# Apple Wine and Clearing/Stabilizing/Sweetening question.



## ThousandJulys (Sep 22, 2010)

So today I racked my totally dry and fermented gallon of apple wine into the glass fermenter. I call it Garden of Ethan Rich Apple wine because my friend Ethan and I did all the picking at his house. The wine right now is really hazy, obviously, and I know it has a ton of lees and pectin to get out.

I added 1/6 or so of a packet of Super-Kleer, since it's only a gallon. I'm hoping it will clarify it enough that I can just rack it again in a few days once it's settled, and start the finishing process of sweetening, stabilizing and adding glycerine.

My question is why do so many books tell you to wait 4-6 months, etc to do all these steps? It seems to me that I make delicious wines that everyone loves in a much quicker time. I've used gelatin finings mostly, but just got some super-kleer.

I have a blueberry wine that I made that fermented out in 2 weeks and I sweetened and stabilized it and within 3-4 WEEKS I racked and then bottled. It tastes like a delicious merlot with strong blueberry overtones.

So, am I being too speedy?


----------



## winemaker_3352 (Sep 22, 2010)

I would say yes - if you wait about a month and look at your bottle - you will have sediment in it.

I usually wait about 6 months for fruit before bottling - and then about a month before opening.


----------



## Wade E (Sep 22, 2010)

I have to agree with winemaker 3352, yes wine can be good young but I assure you if left to age it can get MUCH better and yes it will usually drop much more sediment. Im guessing your has been all drunk before sediment had time ti hit the bottom of the bottle. Whats the longest you have let your wine age?


----------



## ThousandJulys (Sep 22, 2010)

I looked at my blueberry wine that has been aging for 5 months. No sediment. Am I just lucky by using both gelatin finings AND super-kleer?


----------



## ThousandJulys (Sep 22, 2010)

Oh yeah, is there something wrong with sediment? A bunch of award winning fruit wines, even on the wine label not to mention talking to the head fermentologist, say that the wine "may throw a sediment" or "may throw a deposit." They were all great wines. Mine seem to rival them, if not better. Does super-kleer not super clear?


----------



## countrygirl (Sep 23, 2010)

a local winery's blackberry and strawberry always has sediment in the bottom, but it still tastes great!


----------



## winemaker_3352 (Sep 23, 2010)

ThousandJulys said:


> Oh yeah, is there something wrong with sediment? A bunch of award winning fruit wines, even on the wine label not to mention talking to the head fermentologist, say that the wine "may throw a sediment" or "may throw a deposit." They were all great wines.
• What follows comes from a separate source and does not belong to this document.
(* Let $\mathcal C$ be a small triangulated category with a tensor product that is exact in each variable and has a tensor identity $e$. Suppose either that the tensor product is commutative, or that there is an object $c\in\mathcal C$ such that no proper thick subcategory of $\mathcal C$ contains $c$. Then the set of thick tensor ideals of $\mathcal C$, ordered by inclusion and with product $(\mathcal D_1,\mathcal D_2)\mapsto\langle\mathcal D_1\mathcal D_2\rangle$, is an ideal lattice, and a thick tensor ideal is compact in this lattice if and only if it is of the form $\langle x\rangle$ for a single object $x$.
   Context: A tensor product on an additive category is an additive bifunctor $\otimes$ with a natural associativity isomorphism; a tensor identity $e$ has natural isomorphisms $x\otimes e\cong x\cong e\otimes x$ satisfying the pentagon and triangle axioms. A full subcategory $\mathcal D$ of a triangulated category is thick if it is a triangulated subcategory closed under direct summands. A tensor ideal is a full additive subcategory $\mathcal D$ with $x\otimes y\in\mathcal D$ whenever $x\in\mathcal D$ or $y\in\mathcal D$. $\langle\mathcal D_0\rangle$ is the smallest thick tensor ideal containing $\mathcal D_0$; $\mathcal D_1\mathcal D_2$ is the class of finite coproducts of objects $x\otimes y$, $x\in\mathcal D_1$, $y\in\mathcal D_2$. An ideal lattice is a poset $(L,\leq)$ with an associative multiplication such that: (L1) $L$ is a complete lattice; (L2) every element is a supremum of compact elements ($a$ is compact if $a\leq\sup A$ implies $a\leq\sup A'$ for some finite $A'\subseteq A$); (L3) multiplication distributes over binary joins on both sides; (L4) $1=\sup L$ is compact and is a two-sided identity; (L5) products of compact elements are compact. *)

theory Defs
  imports Main
begin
Mine seem to rival them, if not better. Does super-kleer not super clear?



Fruit wines can be troublesome to clear - that is i wait like 6 weeks or so after clearing before i filter and bottle to ensure there is no more sediment falling out.


----------



## corntassel (Sep 23, 2010)

In general I bulk age all of my fruit wines 8 months to a year before bottling, the only wines I bottle within 4-6 months are my pepper wines. then according to the type of fruit determines the amount of time in the bottle. Mulberry, tomato & sweet corn need 8months or more bottle aging before it reaches its full potential. The name of the game is* PATIENCE*


----------



## ThousandJulys (Sep 23, 2010)

Well I used super-kleer and it did a pretty good job separating. Racked it off the sediment today. I still noticed quite a bit of really fine tiny particulate matter/haze entering the siphoning tube, although not much and I really left a lot of room on top of lees and just dumped it all.
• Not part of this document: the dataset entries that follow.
(* Let $T\in\mathcal{K}(V)$ with $\rho_S(T)\neq\emptyset$. For every intrinsic polynomial $P$, the operator $P(T)$ is closed.
   Context: Standing setting: either (a) $\mathbb{F}_0=\mathbb{F}=\mathbb{H}$, $V$ a two-sided quaternionic Banach space, $\mathcal{K}(V)$ the closed right linear operators on $V$ (defined on right subspaces); or (b) $\mathbb{F}=\mathbb{R}_n$ the real Clifford algebra generated by $e_1,\dots,e_n$, $\mathbb{F}_0=\mathbb{R}^{n+1}$ the paravectors $x_0+\sum x_ie_i$, $V=V_{\mathbb{R}}\otimes\mathbb{R}_n$ for a real Banach space $V_{\mathbb{R}}$, $\mathcal{K}(V)$ the operators of paravector type $T=T_0+\sum_{i=1}^nT_ie_i$ with closed $T_i$ on $V_{\mathbb{R}}$, defined on $\bigcap_i\operatorname{dom}(T_i)$. $\mathcal{B}(V)$ denotes the bounded everywhere defined such operators, $\mathcal{I}$ the identity; powers $T^k$ have the usual domains. For $s\in\mathbb{F}_0$, $\mathcal{Q}_s(T)=T^2-2\Re(s)T+|s|^2\mathcal{I}$ on $\operatorname{dom}(T^2)$, and $\rho_S(T)=\{s\in\mathbb{F}_0:\mathcal{Q}_s(T)^{-1}\in\mathcal{B}(V)\}$. An intrinsic polynomial is $P(s)=\sum_{k=0}^ma_ks^k$ with $a_k\in\mathbb{R}$, and $P(T)v:=\sum_{k=0}^ma_kT^kv$ for $v\in\operatorname{dom}(T^m)$. *)

theory Defs
  imports "HOL-Analysis.Analysis" "HOL-Computational_Algebra.Polynomial"
    "HOL-Library.Function_Algebras"
begin

text \<open>Pointwise real vector space structure on functions (used for V = V_R \<otimes> R_n,
  represented by coefficient functions).\<close>
instantiation "fun" :: (type, real_vector) real_vector
begin
definition scaleR_fun_def: "scaleR r f = (\<lambda>x. scaleR r (f x))"
instance by standard (auto simp: scaleR_fun_def fun_eq_iff scaleR_add_right scaleR_add_left)
end

text \<open>An operator on a carrier is a pair (domain, action). Only the values on the
  domain matter.\<close>
type_synonym 'v op = "'v set \<times> ('v \<Rightarrow> 'v)"

definition op_dom :: "'v op \<Rightarrow> 'v set" where "op_dom T = fst T"
definition op_app :: "'v op \<Rightarrow> 'v \<Rightarrow> 'v" where "op_app T = snd T"

definition op_closed :: "('v::topological_space) op \<Rightarrow> bool" where
  "op_closed T \<longleftrightarrow> closed {(x, op_app T x) | x. x \<in> op_dom T}"

fun op_pow :: "'v set \<Rightarrow> 'v op \<Rightarrow> nat \<Rightarrow> 'v op" where
  "op_pow Vc T 0 = (Vc, (\<lambda>v. v))"
| "op_pow Vc T (Suc k) =
     ({v \<in> op_dom (op_pow Vc T k). op_app (op_pow Vc T k) v \<in> op_dom T},
      (\<lambda>v. op_app T (op_app (op_pow Vc T k) v)))"

text \<open>Q_s(T) = T^2 - 2 Re(s) T + |s|^2 I on dom(T^2); it depends on s only through
  re = Re(s) and nsq = |s|^2.\<close>
definition op_Q :: "'v set \<Rightarrow> ('v::real_vector) op \<Rightarrow> real \<Rightarrow> real \<Rightarrow> 'v op" where
  "op_Q Vc T re nsq = (op_dom (op_pow Vc T 2),
     (\<lambda>v. op_app (op_pow Vc T 2) v - (2 * re) *\<^sub>R op_app T v + nsq *\<^sub>R v))"

text \<open>Intrinsic polynomial P (real coefficients) applied to T:
  P(T) v = sum_{k=0}^m a_k T^k v on dom(T^m), m = degree P.\<close>
definition op_poly :: "'v set \<Rightarrow> ('v::real_vector) op \<Rightarrow> real poly \<Rightarrow> 'v op" where
  "op_poly Vc T p = (op_dom (op_pow Vc T (degree p)),
     (\<lambda>v. \<Sum>k\<le>degree p. coeff p k *\<^sub>R op_app (op_pow Vc T k) v))"

text \<open>"Q^{-1} exists and lies in the class Bset of bounded everywhere defined operators
  (everywhere = on the carrier Vc)": some S in Bset is a two-sided inverse of Q.\<close>
definition inv_in :: "'v set \<Rightarrow> 'v op \<Rightarrow> ('v \<Rightarrow> 'v) set \<Rightarrow> bool" where
  "inv_in Vc Q Bset \<longleftrightarrow> op_dom Q \<subseteq> Vc \<and>
     (\<exists>S\<in>Bset. (\<forall>v\<in>Vc. S v \<in> op_dom Q \<and> op_app Q (S v) = v) \<and>
                (\<forall>u\<in>op_dom Q. S (op_app Q u) = u))"

datatype quat = Quat real real real real

fun qadd :: "quat \<Rightarrow> quat \<Rightarrow> quat" where
  "qadd (Quat a b c d) (Quat a' b' c' d') = Quat (a+a') (b+b') (c+c') (d+d')"

text \<open>Hamilton product (i^2 = j^2 = k^2 = ijk = -1).\<close>
fun qmul :: "quat \<Rightarrow> quat \<Rightarrow> quat" where
  "qmul (Quat a b c d) (Quat a' b' c' d') =
     Quat (a*a' - b*b' - c*c' - d*d')
          (a*b' + b*a' + c*d' - d*c')
          (a*c' - b*d' + c*a' + d*b')
          (a*d' + b*c' - c*b' + d*a')"

definition qreal :: "real \<Rightarrow> quat" where "qreal r = Quat r 0 0 0"

fun qRe :: "quat \<Rightarrow> real" where "qRe (Quat a b c d) = a"

fun qabs :: "quat \<Rightarrow> real" where
  "qabs (Quat a b c d) = sqrt (a\<^sup>2 + b\<^sup>2 + c\<^sup>2 + d\<^sup>2)"

definition two_sided_qbanach :: "(quat \<Rightarrow> 'v::banach \<Rightarrow> 'v) \<Rightarrow> ('v \<Rightarrow> quat \<Rightarrow> 'v) \<Rightarrow> bool" where
  "two_sided_qbanach L R \<longleftrightarrow>
     (\<forall>r v. L (qreal r) v = r *\<^sub>R v \<and> R v (qreal r) = r *\<^sub>R v) \<and>
     (\<forall>a b v. L (qadd a b) v = L a v + L b v \<and> R v (qadd a b) = R v a + R v b) \<and>
     (\<forall>a v w. L a (v + w) = L a v + L a w \<and> R (v + w) a = R v a + R w a) \<and>
     (\<forall>a b v. L (qmul a b) v = L a (L b v) \<and> R v (qmul a b) = R (R v a) b) \<and>
     (\<forall>a b v. L a (R v b) = R (L a v) b) \<and>
     (\<forall>a v. norm (L a v) = qabs a * norm v \<and> norm (R v a) = qabs a * norm v)"

definition qK :: "('v::banach \<Rightarrow> quat \<Rightarrow> 'v) \<Rightarrow> 'v op \<Rightarrow> bool" where
  "qK R T \<longleftrightarrow>
     0 \<in> op_dom T \<and>
     (\<forall>u\<in>op_dom T. \<forall>w\<in>op_dom T. u + w \<in> op_dom T) \<and>
     (\<forall>u\<in>op_dom T. \<forall>a. R u a \<in> op_dom T) \<and>
     (\<forall>u\<in>op_dom T. \<forall>w\<in>op_dom T. \<forall>a.
         op_app T (R u a + w) = R (op_app T u) a + op_app T w) \<and>
     op_closed T"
Today, I added 1/2tsp of gelatin finings directly to the gallon jug and shook it up real good. Hopefully in the next few days it, too, will have all settled. I also sweetened and sorbated the wine today before I added the finings. I hope all this is ok. I know that gelatin finings are supposed to be dissolved into water and almost boiled, etc and then added to the wine. I didn't and never do this, because I don't like to dilute small one gallon batches.


----------



## countrygirl (Sep 23, 2010)

careful with the sorbate and sweetening at the same time...give the kmeta and sorbate a little time to do their job before backsweetening...


----------



## ThousandJulys (Sep 23, 2010)

Uh oh....

What should I have done or the order of adding the ingredients? The sorbate just said "for stabilizing wine when sweetening."


----------



## ThousandJulys (Sep 23, 2010)

OH yeah. Is it ok to just add the gelatin finings and shake it around like I did? It sure did foam up a lot. I figured this would also be like de-gassing a wine. 

If it's a one gallon, I tend to give it a good shake when racking into new glass secondary jugs.

Also, would the sediment help clear if I put it in the fridge? I don't know much about cold stabilization, and not sure if it would be to cold for the gelatin finings to work properly. Especially since I just pitch it in my wine and shake it up.


----------



## Wade E (Sep 23, 2010)

You really should give superKleer about 2 weeks to do its job. It will dtrop most of its sediment in a day or 2 but you should always let it compact nice and hard so as to rack your wine off easier without disturbing the lees. Fine sediment in the bottle is nothing other then unsightly to some but wont hurt your win e especially in short manner as you have been drinking it. Doing a dble fining most likely is extracting some color and flavor from your wines, why are you dble fining your wine?


----------